In rare earth nickelates (RENiO\(_3\)), electron-lattice coupling drives a concurrent metal-to-insulator and bond disproportionation phase transition whose microscopic origin has long been the subject of active debate. Of several proposed mechanisms, here we test the hypothesis that pairs of self-doped ligand holes spatially condense to provide local spin moments that are antiferromagnetically coupled to Ni spins. These singlet-like states provide a basis for long-range bond and spiral spin order. Using magnetic resonant X-ray scattering on NdNiO\(_3\) thin films, we observe the chiral nature of the spin-disproportionated state, with spin spirals propagating along the crystallographic (101)\(_\mathrm{ortho}\) direction. These spin spirals are found to preferentially couple to X-ray helicity, establishing the presence of a hitherto-unobserved macroscopic chirality.
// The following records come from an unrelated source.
lemma quadratic_nonneg_discriminant:
  fixes a b c :: real
  assumes "\<And>t. 0 \<le> a + 2*b*t + c*t^2" "c \<ge> 0"
  shows "b^2 \<le> a*c"
proof (cases "c = 0")
  case True
  have "b = 0"
  proof (rule ccontr)
    assume "b \<noteq> 0"
    have "0 \<le> a + 2*b*(-(a+1)/(2*b)) + c*(-(a+1)/(2*b))^2" by (rule assms)
    also have "\<dots> = -1" using True \<open>b \<noteq> 0\<close> by (simp add: field_simps)
    finally show False by simp
  qed
  then show ?thesis using True assms(1)[of 0] by simp
next
  case False
  then have "c > 0" using assms(2) by simp
  have "0 \<le> a + 2*b*(-b/c) + c*(-b/c)^2" by (rule assms)
  also have "\<dots> = a - b^2/c" using \<open>c > 0\<close> by (simp add: field_simps power2_eq_square)
  finally show ?thesis using \<open>c > 0\<close> by (simp add: field_simps)
qed

lemma symmetric_psd_Cauchy_Schwarz:
  fixes S :: "real^'a::finite^'a"
  assumes "symmetric_mat S" "\<And>v. 0 \<le> v \<bullet> (S *v v)"
  shows "(p \<bullet> (S *v q))^2 \<le> (p \<bullet> (S *v p)) * (q \<bullet> (S *v q))"
proof (rule quadratic_nonneg_discriminant)
  fix t :: real
  have "q \<bullet> (S *v p) = p \<bullet> (S *v q)" using assms(1) unfolding symmetric_mat_def by metis
  then have "(p + t *\<^sub>R q) \<bullet> (S *v (p + t *\<^sub>R q))
      = p \<bullet> (S *v p) + 2 * (p \<bullet> (S *v q)) * t + (q \<bullet> (S *v q)) * t^2"
    by (simp add: algebra_simps inner_add_left inner_add_right power2_eq_square)
  then show "0 \<le> p \<bullet> (S *v p) + 2 * (p \<bullet> (S *v q)) * t + (q \<bullet> (S *v q)) * t^2"
    by (metis assms(2))
qed (rule assms(2))

lemma pos_def_dual_Cauchy_Schwarz:
  fixes S :: "real^'a::finite^'a"
  assumes "pos_def_mat S" "symmetric_mat S"
  shows "(u \<bullet> m)^2 \<le> (u \<bullet> (S *v u)) * (m \<bullet> (matrix_inv S *v m))"
  using symmetric_psd_Cauchy_Schwarz[OF assms(2) pos_def_mat_quadratic_nonneg[OF assms(1)],
      of u "matrix_inv S *v m"]
  by (simp add: pos_def_mat_mult_matrix_inv[OF assms(1)] inner_commute)
(* For every multi-sender unicast index-coding instance (with any sender sets $\mathcal S_1,\dots,\mathcal S_K$, any side-information sets $\mathcal A_1,\dots,\mathcal A_N$ and any link capacities $C_1,\dots,C_K>0$), the region $\mathcal R_{\mathrm{CLS}}$ defined in the context is contained in the capacity region: $\mathcal R_{\mathrm{CLS}}\subseteq\mathcal C$.
   Context: Model. There are $N$ independent messages $M_1,\dots,M_N$, where for block length $n$ and rates $R_j\ge 0$, $M_j$ is uniform on $[1:2^{nR_j}]$. There are $K$ senders; sender $k$ knows the messages $M_i$, $i\in\mathcal S_k\subseteq[1:N]$ (the sets $\mathcal S_k$ are pairwise distinct and $\bigcup_k\mathcal S_k=[1:N]$), and is connected to all receivers by a noiseless broadcast link of capacity $C_k>0$ bits per channel use. There are $N$ receivers; receiver $j$ knows $M_i$, $i\in\mathcal A_j\subseteq[1:N]\setminus\{j\}$, and requests $M_j$. For real $c\ge0$ write $[1:2^c)=\{1,\dots,2^{\lfloor c\rfloor}\}$. A code of length $n$ consists of encoders $f_k:\prod_{i\in\mathcal S_k}[1:2^{nR_i}]\to[1:2^{nC_k})$ producing $L_k$, and decoders $g_j$ mapping $(L_1,\dots,L_K)$ and $(M_i)_{i\in\mathcal A_j}$ to an estimate $\hat M_j$. A rate tuple $(R_1,\dots,R_N)$ is achievable if there is a sequence of such codes with $\Pr[(\hat M_1,\dots,\hat M_N)\ne(M_1,\dots,M_N)]\to0$ as $n\to\infty$; the capacity region $\mathcal C$ is the closure of the set of achievable rate tuples. Definition of $\mathcal R_{\mathrm{CLS}}$. A joint link-and-sender partition is a pair $(\tilde\Pi,\mathbf C_{\tilde\Pi})$ where $\tilde\Pi$ is a collection of pairwise distinct nonempty subsets $\tilde P\subseteq[1:K]$ with $\bigcup_{\tilde P\in\tilde\Pi}\tilde P=[1:K]$ (the subsets may overlap), and $\mathbf C_{\tilde\Pi}=(C_{k,\tilde P}:k\in\tilde P,\tilde P\in\tilde\Pi)$ satisfies $C_{k,\tilde P}>0$ and $\sum_{\tilde P\in\tilde\Pi:k\in\tilde P}C_{k,\tilde P}\le C_k$ for each $k$ (admissible). For $\tilde P\in\tilde\Pi$ let $\mathcal S_{\tilde P}=\bigcup_{k\in\tilde P}\mathcal S_k$ and $\mathcal A_{j,\tilde P}=\mathcal A_j\cap\mathcal S_{\tilde P}$. For $\tilde{\mathcal K}\subseteq\tilde P$ let $\tilde{\mathcal K}^c=\tilde P\setminus\tilde{\mathcal K}$ and $\mathcal I_{\tilde{\mathcal K}}=\bigcup_{k\in\tilde{\mathcal K}}\{\mathcal J\ne\emptyset:\mathcal J\subseteq\mathcal S_k\}$. A decoding choice for $\tilde P$ is a family $\{\mathcal D_{j,\tilde P}:j\in\mathcal S_{\tilde P}\}$ with $j\in\mathcal D_{j,\tilde P}\subseteq\mathcal S_{\tilde P}\setminus\mathcal A_{j,\tilde P}$. For a fixed decoding choice, let $\mathcal R(\{\mathcal D_{j,\tilde P}\},\mathbf C_{\tilde P}\mid\{\mathcal A_{j,\tilde P}\})$ be the set of $(R_{j,\tilde P}:j\in\mathcal S_{\tilde P})\in\mathbb R_+^{|\mathcal S_{\tilde P}|}$ for which there exist composite rates $\gamma_{\mathcal J,\tilde P}\ge0$, one for each $\mathcal J\in\mathcal I_{\tilde P}$ (and set $\gamma_{\mathcal J,\tilde P}=0$ for nonempty $\mathcal J\subseteq\mathcal S_{\tilde P}$ not in $\mathcal I_{\tilde P}$), such that (a) $\sum_{i\in\mathcal T}R_{i,\tilde P}<\sum_{\mathcal J_1\subseteq\mathcal D_{j,\tilde P}\cup\mathcal A_{j,\tilde P},\ \mathcal J_1\cap\mathcal T\ne\emptyset}\gamma_{\mathcal J_1,\tilde P}$ for all nonempty $\mathcal T\subseteq\mathcal D_{j,\tilde P}$ and all $j\in\mathcal S_{\tilde P}$; and (b) $\sum_{\mathcal J_2\in\mathcal I_{\tilde{\mathcal K}},\ \mathcal J_2\notin\mathcal I_{\tilde{\mathcal K}^c},\ \mathcal J_2\not\subseteq\mathcal A_{j,\tilde P}}\gamma_{\mathcal J_2,\tilde P}<\sum_{k\in\tilde{\mathcal K}}C_{k,\tilde P}$ for all $j\in\mathcal S_{\tilde P}$ and all nonempty $\tilde{\mathcal K}\subseteq\tilde P$. Let $\mathcal R_{(\tilde P,\mathbf C_{\tilde P})}$ be the union of these regions over all decoding choices for $\tilde P$. Let $\mathcal R_{\mathrm{CLS}}(\tilde\Pi,\mathbf C_{\tilde\Pi})$ be the set of $(R_1,\dots,R_N)\in\mathbb R_+^N$ such that $R_j=\sum_{\tilde P\in\tilde\Pi:j\in\mathcal S_{\tilde P}}R_{j,\tilde P}$ for all $j$, for some $(R_{j,\tilde P}:j\in\mathcal S_{\tilde P})\in\mathcal R_{(\tilde P,\mathbf C_{\tilde P})}$ for every $\tilde P\in\tilde\Pi$ and some admissible $\mathbf C_{\tilde\Pi}$. Finally $\mathcal R_{\mathrm{CLS}}$ is the convex hull of the union of $\mathcal R_{\mathrm{CLS}}(\tilde\Pi,\mathbf C_{\tilde\Pi})$ over all such $\tilde\Pi$. *)

theory Defs
  imports "HOL-Analysis.Analysis"
begin
(* Under the setting below, let $\Psi$ be the weak solution of the closed-loop system. There exist a sequence of times $t_n\nearrow\infty$ and $\Psi_\infty\in L^2(\mathbb{R}^N,\mathbb{C})$ with $\|\Psi_\infty\|_{L^2}\leq1$ such that $\Psi(t_n)\rightharpoonup\Psi_\infty$ weakly in $L^2(\mathbb{R}^N,\mathbb{C})$ and $\mathbb{P}_{\mathrm{disc}}\Psi(t_n)\to\mathbb{P}_{\mathrm{disc}}\Psi_\infty$ strongly in $L^2(\mathbb{R}^N,\mathbb{C})$.
   Context: Setting: $N\geq2$; $V$ satisfies decay assumption (A) (zero is neither an eigenvalue nor a resonance of $H_0=-\Delta+V$, and: ($N=2$) $|V(x)|\leq C(1+|x|)^{-3-\varepsilon}$; ($N=3$) $V\in L^{3/2-\varepsilon}\cap L^{3/2+\varepsilon}$; ($N\geq4$) $\widehat V\in L^1$ and $(1+|x|^2)^{\gamma/2}V$ bounded on $H^\nu$ for some $\nu>0,\gamma>N+4$); $\mu$ real-valued, $\mu\in\bigcup_{2\leq p<2N}L^p\cap L^\infty$; $\phi_0,\dots,\phi_M$ an orthonormal basis of eigenfunctions of the discrete subspace of $H_0$, eigenvalues $\lambda_j$; $\mathbb{P}_{\mathrm{disc}}\psi=\sum_{j=0}^M\langle\psi,\phi_j\rangle\phi_j$ with $\langle\xi,\zeta\rangle=\int\xi\bar\zeta$; $\Psi_0=\sum\alpha_j\phi_j$, $\|\Psi_0\|_{L^2}=1$, $\alpha_0\neq0$; the $\lambda_j$ pairwise different with non-degenerate differences $\lambda_{j_1}-\lambda_{k_1}\neq\lambda_{j_2}-\lambda_{k_2}$ for $(j_1,k_1)\neq(j_2,k_2)$; $\langle\mu\phi_j,\phi_k\rangle\neq0$ for $j\neq k$. For $\epsilon,c>0$, $u_\epsilon(\Psi)=c[(1-\epsilon)\sum_{j}\Im(\langle\mu\Psi,\phi_j\rangle\langle\phi_j,\Psi\rangle)+\epsilon\Im(\langle\mu\Psi,\phi_0\rangle\langle\phi_0,\Psi\rangle)]$. Closed-loop system: $i\partial_t\Psi=-\Delta\Psi+(V-u_\epsilon(\Psi(t))\mu)\Psi$, $\Psi(0)=\Psi_0$; its weak solution is $\Psi\in C^0(\mathbb{R}^+,L^2)$ with unit norm satisfying the Duhamel formula $\Psi(t)=e^{-iH_0t}\Psi_0+i\int_0^te^{-iH_0(t-s)}u_\epsilon(\Psi(s))\mu\Psi(s)ds$. *)

theory Defs
  imports "HOL-Analysis.Analysis"
begin

text \<open>Functions on R^N are modelled as maps real^'n => complex; the dimension is N = CARD('n).
  Elements of L^2 are represented by square-integrable functions; equality in L^2 means
  that the L^2 norm of the difference vanishes.\<close>

definition L2 :: "(real^'n::finite \<Rightarrow> complex) \<Rightarrow> bool" where
  "L2 f \<longleftrightarrow> f \<in> borel_measurable lborel \<and> integrable lborel (\<lambda>x. (cmod (f x))\<^sup>2)"

definition l2_inner :: "(real^'n \<Rightarrow> complex) \<Rightarrow> (real^'n \<Rightarrow> complex) \<Rightarrow> complex" where
  "l2_inner f g = (\<integral>x. f x * cnj (g x) \<partial>lborel)"

definition l2_norm :: "(real^'n \<Rightarrow> complex) \<Rightarrow> real" where
  "l2_norm f = sqrt (\<integral>x. (cmod (f x))\<^sup>2 \<partial>lborel)"

definition Lp_fun :: "real \<Rightarrow> ('a::euclidean_space \<Rightarrow> 'b::real_normed_vector) \<Rightarrow> bool" where
  "Lp_fun p f \<longleftrightarrow> f \<in> borel_measurable lborel \<and> integrable lborel (\<lambda>x. norm (f x) powr p)"

definition Linf_fun :: "('a::euclidean_space \<Rightarrow> 'b::real_normed_vector) \<Rightarrow> bool" where
  "Linf_fun f \<longleftrightarrow> f \<in> borel_measurable lborel \<and> (\<exists>C. AE x in lborel. norm (f x) \<le> C)"

definition pd :: "'n \<Rightarrow> (real^'n \<Rightarrow> complex) \<Rightarrow> real^'n \<Rightarrow> complex" where
  "pd i f = (\<lambda>x. frechet_derivative f (at x) (axis i 1))"

fun pds :: "'n list \<Rightarrow> (real^'n \<Rightarrow> complex) \<Rightarrow> real^'n \<Rightarrow> complex" where
  "pds [] f = f"
| "pds (i # ks) f = pd i (pds ks f)"

definition laplacian :: "(real^'n::finite \<Rightarrow> complex) \<Rightarrow> real^'n \<Rightarrow> complex" where
  "laplacian f = (\<lambda>x. \<Sum>i\<in>UNIV. pd i (pd i f) x)"

definition test_fun :: "(real^'n::finite \<Rightarrow> complex) \<Rightarrow> bool" where
  "test_fun \<theta> \<longleftrightarrow> compact (closure {x. \<theta> x \<noteq> 0}) \<and>
     (\<forall>ks. continuous_on UNIV (pds ks \<theta>) \<and> (\<forall>x. pds ks \<theta> differentiable at x))"

definition has_weak_grad :: "(real^'n::finite \<Rightarrow> complex) \<Rightarrow> ('n \<Rightarrow> real^'n \<Rightarrow> complex) \<Rightarrow> bool" where
  "has_weak_grad \<psi> g \<longleftrightarrow> (\<forall>i. L2 (g i) \<and>
     (\<forall>\<theta>. test_fun \<theta> \<longrightarrow> (\<integral>x. \<psi> x * pd i \<theta> x \<partial>lborel) = - (\<integral>x. g i x * \<theta> x \<partial>lborel)))"

definition H0_form :: "(real^'n::finite \<Rightarrow> real) \<Rightarrow> (real^'n \<Rightarrow> complex) \<Rightarrow> ('n \<Rightarrow> real^'n \<Rightarrow> complex)
    \<Rightarrow> (real^'n \<Rightarrow> complex) \<Rightarrow> complex" where
  "H0_form V \<psi> g \<theta> = (\<Sum>i\<in>UNIV. \<integral>x. g i x * cnj (pd i \<theta> x) \<partial>lborel)
      + (\<integral>x. complex_of_real (V x) * \<psi> x * cnj (\<theta> x) \<partial>lborel)"

text \<open>U is the unitary group e^{-i H_0 t} generated by the self-adjoint (form-defined) operator
  H_0 = -Delta + V: a strongly continuous unitary group on L^2 whose generator -iA satisfies
  A \<subseteq> H_0. Since both are self-adjoint, A = H_0, so U is uniquely determined.\<close>

definition is_propagator :: "(real^'n::finite \<Rightarrow> real) \<Rightarrow> (real \<Rightarrow> (real^'n \<Rightarrow> complex) \<Rightarrow> (real^'n \<Rightarrow> complex)) \<Rightarrow> bool" where
  "is_propagator V U \<longleftrightarrow>
     (\<forall>t \<psi>. L2 \<psi> \<longrightarrow> L2 (U t \<psi>) \<and> l2_norm (U t \<psi>) = l2_norm \<psi>) \<and>
     (\<forall>t \<psi> \<phi>. L2 \<psi> \<longrightarrow> L2 \<phi> \<longrightarrow> l2_norm (\<lambda>x. \<psi> x - \<phi> x) = 0 \<longrightarrow>
         l2_norm (\<lambda>x. U t \<psi> x - U t \<phi> x) = 0) \<and>
     (\<forall>t \<psi> \<phi> a. L2 \<psi> \<longrightarrow> L2 \<phi> \<longrightarrow>
         l2_norm (\<lambda>x. U t (\<lambda>y. \<psi> y + a * \<phi> y) x - (U t \<psi> x + a * U t \<phi> x)) = 0) \<and>
     (\<forall>\<psi>. L2 \<psi> \<longrightarrow> l2_norm (\<lambda>x. U 0 \<psi> x - \<psi> x) = 0) \<and>
     (\<forall>s t \<psi>. L2 \<psi> \<longrightarrow> l2_norm (\<lambda>x. U (s + t) \<psi> x - U s (U t \<psi>) x) = 0) \<and>
     (\<forall>\<psi> t0. L2 \<psi> \<longrightarrow> ((\<lambda>t. l2_norm (\<lambda>x. U t \<psi> x - U t0 \<psi> x)) \<longlongrightarrow> 0) (at t0)) \<and>
     (\<forall>\<psi> \<eta>. L2 \<psi> \<longrightarrow> L2 \<eta> \<longrightarrow>
         ((\<lambda>h. l2_norm (\<lambda>x. (U h \<psi> x - \<psi> x) / complex_of_real h + \<i> * \<eta> x)) \<longlongrightarrow> 0) (at 0) \<longrightarrow>
         (\<exists>g. has_weak_grad \<psi> g \<and> (\<forall>\<theta>. test_fun \<theta> \<longrightarrow> H0_form V \<psi> g \<theta> = l2_inner \<eta> \<theta>)))"

text \<open>Eigenfunctions of H_0: H_0 phi = lambda phi, i.e. e^{-iH_0 t} phi = e^{-i lambda t} phi.\<close>

definition is_eigenfunction :: "(real \<Rightarrow> (real^'n::finite \<Rightarrow> complex) \<Rightarrow> (real^'n \<Rightarrow> complex))
    \<Rightarrow> real \<Rightarrow> (real^'n \<Rightarrow> complex) \<Rightarrow> bool" where
  "is_eigenfunction U lam \<phi> \<longleftrightarrow> L2 \<phi> \<and> l2_norm \<phi> \<noteq> 0 \<and>
     (\<forall>t. l2_norm (\<lambda>x. U t \<phi> x - exp (- \<i> * complex_of_real (lam * t)) * \<phi> x) = 0)"

definition zero_energy_solution :: "(real^'n::finite \<Rightarrow> real) \<Rightarrow> (real^'n \<Rightarrow> complex) \<Rightarrow> bool" where
  "zero_energy_solution V \<psi> \<longleftrightarrow> \<psi> \<in> borel_measurable lborel \<and>
     (\<forall>\<theta>. test_fun \<theta> \<longrightarrow>
        integrable lborel (\<lambda>x. \<psi> x * laplacian \<theta> x) \<and>
        integrable lborel (\<lambda>x. complex_of_real (V x) * \<psi> x * \<theta> x) \<and>
        (\<integral>x. - \<psi> x * laplacian \<theta> x + complex_of_real (V x) * \<psi> x * \<theta> x \<partial>lborel) = 0)"

definition jbr :: "real^'n \<Rightarrow> real" where
  "jbr x = sqrt (1 + (norm x)\<^sup>2)"

definition resonance_class :: "(real^'n::finite \<Rightarrow> complex) \<Rightarrow> bool" where
  "resonance_class \<psi> \<longleftrightarrow>
     (if CARD('n) = 2 then Linf_fun \<psi>
      else if CARD('n) = 3 then (\<forall>s>1/2. L2 (\<lambda>x. complex_of_real (jbr x powr (-s)) * \<psi> x))
      else if CARD('n) = 4 then (\<forall>s>0. L2 (\<lambda>x. complex_of_real (jbr x powr (-s)) * \<psi> x))
      else L2 \<psi>)"

definition zero_regular :: "(real^'n::finite \<Rightarrow> real) \<Rightarrow> bool" where
  "zero_regular V \<longleftrightarrow>
     (\<forall>\<psi>. zero_energy_solution V \<psi> \<and> (L2 \<psi> \<or> resonance_class \<psi>) \<longrightarrow>
        (AE x in lborel. \<psi> x = 0))"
The presence of this chiral magnetic configuration suggests a potential multiferroic coupling between the noncollinear magnetic arrangement and improper ferroelectric behavior as observed in prior studies on NdNiO\(_3\) (101)\(_\mathrm{ortho}\) films and RENiO\(_3\) single crystals. Experimentally constrained theoretical double-cluster calculations confirm the presence of an energetically stable spin-disproportionated state with Zhang-Rice singlet-like combinations of Ni and ligand moments.